17/7/2008Plant boss denies gas supply blame

A FACTORY boss quizzed over the Mary­hill blast said he was not directly concerned with decisions taken over the plant’s gas supply.
Nine people died when leaking pipes caused an explosion at the ICL Plastics factory in Glasgow in May 2004.
Company chairman Campbell Downie, 73, began giving evidence on day nine of a public inquiry into the blast.
Mr Downie, a non-executive chairman who went into semi-retirement in 1995, said he was not involved in decisions regarding the supply of Liquefied Petroleum Gas to a factory oven.
Inquiry counsel, Roy Martin QC, asked him: “Would you be prepared to accept as a group chairman, particularly with reference to LPG, that you were to some extent in the position to make or control the decisions in question?”
Mr Downie replied: “Decisions that were taken with regard to LPG were not referred to me.”
Mr Martin read from the statement of factory manager William Mas­terton, which said there was a “pecking order” in ICL Plastics with Mr Downie at the top.
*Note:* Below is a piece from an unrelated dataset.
(* Let $(X_n)_{n\in\mathbb{N}}$ be i.i.d. real random variables with distribution function $F$ and survival function $\bar F(x)=\mathbb{P}(X_1>x)$. Assume that there exist $x_0>0$, $\alpha>0$ and a slowly varying function $L$ such that $\bar F(x)=x^{-\alpha}L(x)$ for all $x>x_0$, and that $X_1$ admits a (Lebesgue) density $f$ which is non-increasing on $[x_1,\infty)$ for some $x_1$. Let $X_{(n)}=\max_{1\le i\le n}X_i$, $a_n=F^{\leftarrow}(1-1/n)$, and for $n\ge 2$ let $Z_n=\left(X_{(n)}/a_n\right)^{\alpha/\log n}$ (on the event $X_{(n)}>0$). Then for every Borel set $A\subset[1,\infty)$, \[ \lim_{n\to\infty}\frac{1}{\log n}\log \mathbb{P}(Z_n\in A) = -\operatorname*{ess\,inf}_{x\in A}\log x, \] where the essential infimum is taken with respect to Lebesgue measure (with the conventions $\log 0=-\infty$ and that the essential infimum over a Lebesgue-null set is $+\infty$).
   Context: A function $L:(0,\infty)\to(0,\infty)$ is slowly varying if $\lim_{x\to\infty}L(tx)/L(x)=1$ for all $t>0$. For a distribution function $F$, $F^{\leftarrow}(u)=\inf\{x\in\mathbb{R}: F(x)\ge u\}$ is its left-inverse; $a_n>0$ for all sufficiently large $n$, and $\bar F(a_n)\le 1/n$. The value of $Z_n$ on $\{X_{(n)}\le 0\}$ is irrelevant for events $\{Z_n\in A\}$ with $A\subset[1,\infty)$ once $a_n>0$. *)

theory Defs
  imports "HOL-Probability.Probability"
begin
The chairman was shown a series of memos between him and ICL manager Frank Stott from the 1980s which had been salvaged from the rubble of the factory.
In them they discussed recommendations made by the Health and Safety Executive which requested the company make changes to its bulk storage of LPG, including the installation of a water cooling system.
Mr Stott wrote on August 18, 1988: “I have taken the precaution of securing information on the cost of the two alternatives which we may be faced with.”
Mr Downie responded five days later: “I am not unduly concerned with the Factory Inspectors’ displeasure and believe we have complied with historic requirements, generally adopted by other users who do not seem to suffer our local officials’ concern.”
The explosion was caused when a build-up of leaked LPG in the basement of the factory ignited.
The inquiry, before Lord Gill, continues.